Hammersley sampling belongs to the category of quasi-Monte Carlo methods. This technique uses a quasi-random number generator, based on the Hammersley points, to uniformly sample a unit hypercube.

Figure 1. . Latin HyperCube (left) and Hammersley (right) for 100 runs.

Usability Characteristics

  • An efficient sampling technique that provides reliable estimates of output descriptive statistics using fewer samples than random sampling. For example, for the same number of runs, a Hammersley sample will be closer to the theoretical mean than a truly random sample.
  • Provides good, uniform properties on a k-dimensional hypercube. This is an advantage over Latin HyperCube sampling, which provides good uniform properties of each dimension individually.
  • To get a good quality fitting function, a minimum number of runs should be evaluated. (N+1)(N+2)/2 runs are needed to fit a second order polynomial, assuming that most output responses are close to a second order polynomial within the commonly used input variable ranges of -+10%. An additional number of runs equal to 10% is recommended to provide redundancy, which results in more reliable post-processing.

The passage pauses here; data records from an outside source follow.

lemma rip_const_bounds:
  assumes "has_rip A s" and "sparse s z"
  shows rip_const_lower: "(1 - rip_const A s) * (norm z)\<^sup>2 \<le> (norm (A *v z))\<^sup>2"
    and rip_const_upper: "(norm (A *v z))\<^sup>2 \<le> (1 + rip_const A s) * (norm z)\<^sup>2"
proof -
  have ne: "rip_bounds A s \<noteq> {}"
    using assms(1) by (simp add: has_rip_def)
  have bounds: "(1 - c) * (norm z)\<^sup>2 \<le> (norm (A *v z))\<^sup>2 \<and> (norm (A *v z))\<^sup>2 \<le> (1 + c) * (norm z)\<^sup>2"
    if "c \<in> rip_bounds A s" for c
    using that assms(2) by (auto simp: rip_bounds_def)
  have "(1 - rip_const A s) * (norm z)\<^sup>2 \<le> (norm (A *v z))\<^sup>2 \<and>
      (norm (A *v z))\<^sup>2 \<le> (1 + rip_const A s) * (norm z)\<^sup>2"
  proof (cases "z = 0")
    case False
    then have pos: "(norm z)\<^sup>2 > 0"
      by simp
    have "1 - (norm (A *v z))\<^sup>2 / (norm z)\<^sup>2 \<le> rip_const A s"
      unfolding rip_const_def
      by (rule cInf_greatest[OF ne]) (use bounds pos in \<open>auto simp: field_simps\<close>)
    moreover have "(norm (A *v z))\<^sup>2 / (norm z)\<^sup>2 - 1 \<le> rip_const A s"
      unfolding rip_const_def
      by (rule cInf_greatest[OF ne]) (use bounds pos in \<open>auto simp: field_simps\<close>)
    ultimately show ?thesis
      using pos by (simp add: field_simps)
  qed (use rip_const_nonneg[OF assms(1)] in simp)
  then show "(1 - rip_const A s) * (norm z)\<^sup>2 \<le> (norm (A *v z))\<^sup>2"
    and "(norm (A *v z))\<^sup>2 \<le> (1 + rip_const A s) * (norm z)\<^sup>2"
    by auto
qed

lemma sparse_add_axis:
  fixes x :: "real^'n"
  assumes "sparse s x"
  shows "sparse (Suc s) (x + c *\<^sub>R axis j 1)"
proof -
  have "supp (x + c *\<^sub>R axis j 1) \<subseteq> insert j (supp x)"
    by (auto simp: supp_def axis_def)
  then have "card (supp (x + c *\<^sub>R axis j 1)) \<le> card (insert j (supp x))"
    by (intro card_mono) auto
  also have "\<dots> \<le> Suc (card (supp x))"
    by (simp add: card_insert_if)
  finally show ?thesis
    using assms by (simp add: sparse_def)
qed

lemma norm_column_le_rip:
  fixes A :: "real^'n^'m"
  assumes "has_rip A s" and "1 \<le> s"
  shows "norm (column j A) \<le> sqrt (1 + rip_const A s)"
proof -
  have "supp (axis j (1::real)) = {j}"
    by (auto simp: supp_def axis_def)
  then have "sparse s (axis j (1::real))"
    using assms(2) by (simp add: sparse_def)
  from rip_const_upper[OF assms(1) this] show ?thesis
    by (simp add: matrix_vector_mult_basis real_le_rsqrt)
qed

lemma norm_add_diff_polarization:
  fixes p q :: "'a::real_inner"
  shows "(norm (p + q))\<^sup>2 - (norm (p - q))\<^sup>2 = 4 * (p \<bullet> q)"
  by (simp add: power2_norm_eq_inner inner_add_left inner_add_right inner_diff_left
      inner_diff_right inner_commute)

lemma rip_inner_orthogonal:
  fixes A :: "real^'n^'m"
  assumes rip: "has_rip A s" and "sparse s (u + w)" and "sparse s (u - w)"
    and orth: "u \<bullet> w = 0" and eq: "norm u = norm w"
  shows "\<bar>(A *v u) \<bullet> (A *v w)\<bar> \<le> rip_const A s * (norm u)\<^sup>2"
proof -
  have "w \<bullet> w = u \<bullet> u"
    using eq by (metis power2_norm_eq_inner)
  then have "(norm (u + w))\<^sup>2 = 2 * (norm u)\<^sup>2" "(norm (u - w))\<^sup>2 = 2 * (norm u)\<^sup>2"
    using orth by (simp_all add: power2_norm_eq_inner inner_add_left inner_add_right
        inner_diff_left inner_diff_right inner_commute)
  moreover have "4 * ((A *v u) \<bullet> (A *v w)) = (norm (A *v (u + w)))\<^sup>2 - (norm (A *v (u - w)))\<^sup>2"
    by (simp add: norm_add_diff_polarization matrix_vector_right_distrib
        matrix_vector_mult_diff_distrib)
  ultimately show ?thesis
    using rip_const_bounds[OF rip assms(2)] rip_const_bounds[OF rip assms(3)]
    by (auto simp: abs_if power2_eq_square algebra_simps)
qed

lemma rip_inner_column_outside_support:
  fixes A :: "real^'n^'m"
  assumes rip: "has_rip A (Suc s)" and "sparse s x" and "x $ j = 0"
  shows "\<bar>column j A \<bullet> (A *v x)\<bar> \<le> rip_const A (Suc s) * norm x"
proof (cases "x = 0")
  case False
  define w where "w = norm x *\<^sub>R axis j (1::real)"
  have "sparse (Suc s) (x + w)" "sparse (Suc s) (x - w)"
    using sparse_add_axis[OF assms(2), of "norm x" j] sparse_add_axis[OF assms(2), of "- norm x" j]
    by (simp_all add: w_def)
  moreover have "x \<bullet> w = 0" "norm x = norm w"
    using assms(3) by (simp_all add: w_def inner_axis)
  ultimately have "\<bar>(A *v x) \<bullet> (A *v w)\<bar> \<le> rip_const A (Suc s) * (norm x)\<^sup>2"
    by (rule rip_inner_orthogonal[OF rip])
  moreover have "A *v w = norm x *\<^sub>R column j A"
    by (simp add: w_def matrix_vector_mult_scaleR matrix_vector_mult_basis)
  ultimately have "norm x * \<bar>column j A \<bullet> (A *v x)\<bar> \<le> norm x * (rip_const A (Suc s) * norm x)"
    by (simp add: inner_commute power2_eq_square abs_mult mult_ac)
  then show ?thesis
    using False by simp
qed simp

lemma inner_matrix_vector_mult_supp:
  fixes A :: "real^'n^'m"
  shows "(A *v x) \<bullet> y = (\<Sum>i\<in>supp x. x $ i * (column i A \<bullet> y))"
proof -
  have "(A *v x) \<bullet> y = (\<Sum>i\<in>UNIV. x $ i * (column i A \<bullet> y))"
    by (simp add: matrix_mult_sum scalar_mult_eq_scaleR inner_sum_left)
  also have "\<dots> = (\<Sum>i\<in>supp x. x $ i * (column i A \<bullet> y))"
    by (rule sum.mono_neutral_right) (auto simp: supp_def)
  finally show ?thesis .
qed

lemma sum_supp_abs_le:
  fixes x :: "real^'n"
  shows "(\<Sum>i\<in>supp x. \<bar>x $ i\<bar>) \<le> sqrt (real (card (supp x))) * norm x"
proof -
  have "(\<Sum>i\<in>supp x. \<bar>x $ i\<bar>\<^sup>2) = (\<Sum>i\<in>UNIV. (x $ i)\<^sup>2)"
    unfolding power2_abs by (rule sum.mono_neutral_left) (auto simp: supp_def)
  also have "\<dots> = (norm x)\<^sup>2"
    by (simp add: norm_vec_def L2_set_def sum_nonneg)
  finally have "(\<Sum>i\<in>supp x. \<bar>x $ i\<bar>)\<^sup>2 \<le> (sqrt (real (card (supp x))) * norm x)\<^sup>2"
    using Cauchy_Schwarz_ineq_sum[of "\<lambda>_. 1" "\<lambda>i. \<bar>x $ i\<bar>" "supp x"]
    by (simp add: power_mult_distrib)
  then show ?thesis
    by (rule power2_le_imp_le) simp
qed

lemma inner_matrix_vector_mult_le_max_column:
  fixes A :: "real^'n^'m"
  assumes "\<forall>i. \<bar>column i A \<bullet> y\<bar> \<le> G" and "sparse K x"
  shows "(A *v x) \<bullet> y \<le> sqrt K * norm x * G"
proof -
  have G: "0 \<le> G"
    using assms by (meson abs_ge_zero order_trans)
  have "(A *v x) \<bullet> y \<le> (\<Sum>i\<in>supp x. \<bar>x $ i\<bar> * G)"
    unfolding inner_matrix_vector_mult_supp
  proof (rule sum_mono)
    fix i
    have "x $ i * (column i A \<bullet> y) \<le> \<bar>x $ i\<bar> * \<bar>column i A \<bullet> y\<bar>"
      by (metis abs_ge_self abs_mult)
    also have "\<dots> \<le> \<bar>x $ i\<bar> * G"
      using assms by (simp add: mult_left_mono)
    finally show "x $ i * (column i A \<bullet> y) \<le> \<bar>x $ i\<bar> * G" .
  qed
  also have "\<dots> \<le> sqrt (real (card (supp x))) * norm x * G"
    unfolding sum_distrib_right[symmetric] using sum_supp_abs_le G by (rule mult_right_mono)
  also have "\<dots> \<le> sqrt K * norm x * G"
    using assms(2) G by (intro mult_right_mono) (simp_all add: sparse_def)
  finally show ?thesis .
qed

lemma omp_error_arith:
  fixes a r e d S :: real
  assumes a: "0 < a" and e: "0 \<le> e" and d: "0 \<le> d" "d < 1" and S: "0 \<le> S"
    and lower: "(1 - d) * r\<^sup>2 \<le> a\<^sup>2"
    and corr: "a\<^sup>2 - a * e \<le> S * r * (d * r + sqrt (1 + d) * e)"
  shows "a * (1 - (S + 1) * d) \<le> e * (S + 1) * (1 + d)"
proof -
  have "(sqrt (1 - d) * r)\<^sup>2 \<le> a\<^sup>2"
    using lower d by (simp add: power_mult_distrib)
  then have ra: "sqrt (1 - d) * r \<le> a"
    using a by (auto intro: power2_le_imp_le)
  have ra': "(1 - d) * r \<le> sqrt (1 - d) * a"
  proof -
    have "(1 - d) * r = sqrt (1 - d) * (sqrt (1 - d) * r)"
      using d by (simp add: mult.assoc[symmetric])
    also have "\<dots> \<le> sqrt (1 - d) * a"
      using ra d by (intro mult_left_mono) simp_all
    finally show ?thesis .
  qed
  have sqrt_prod: "sqrt (1 + d) * sqrt (1 - d) \<le> 1 + d"
  proof -
    have "sqrt (1 + d) * sqrt (1 - d) = sqrt (1 - d\<^sup>2)"
      by (simp add: real_sqrt_mult[symmetric] algebra_simps power2_eq_square)
    also have "\<dots> \<le> 1"
      by simp
    finally show ?thesis
      using d by simp
  qed
  have "(1 - d) * (a\<^sup>2 - a * e) \<le> (1 - d) * (S * r * (d * r + sqrt (1 + d) * e))"
    using corr d by (simp add: mult_left_mono)
  also have "\<dots> = S * d * ((1 - d) * r\<^sup>2) + S * sqrt (1 + d) * e * ((1 - d) * r)"
    by (simp add: algebra_simps power2_eq_square)
  also have "\<dots> \<le> S * d * a\<^sup>2 + S * sqrt (1 + d) * e * (sqrt (1 - d) * a)"
    using lower ra' S d e by (intro add_mono mult_left_mono) auto
  also have "\<dots> \<le> S * d * a\<^sup>2 + S * (1 + d) * e * a"
    using mult_left_mono[OF sqrt_prod, of "S * e * a"] S e a by (simp add: algebra_simps)
  finally have "a * ((1 - d) * (a - e)) \<le> a * (S * d * a + S * (1 + d) * e)"
    by (simp add: algebra_simps power2_eq_square)
  then have "(1 - d) * (a - e) \<le> S * d * a + S * (1 + d) * e"
    using a by simp
  then show ?thesis
    using mult_nonneg_nonneg[OF d(1) e] by (simp add: algebra_simps)
qed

As a result, this equation is recommend to calculate the number of runs needed or a minimum of 1.1*(N+1)(N+2)/2 runs.
  • Any data in the inclusion matrix is combined with the run data for post-processing. Any run matrix point which is already part of the inclusion data will not be rerun.


In the Specifications step, Settings tab, change method settings.
Parameter Default Range Description
Number of Runs 1.1 ( N + 1 ) ( N + 2 ) 2 > 0 integer Number of new designs to be evaluated.
Use Inclusion Matrix Off Off or On Concatenation without duplication between the inclusion and the generated run matrix.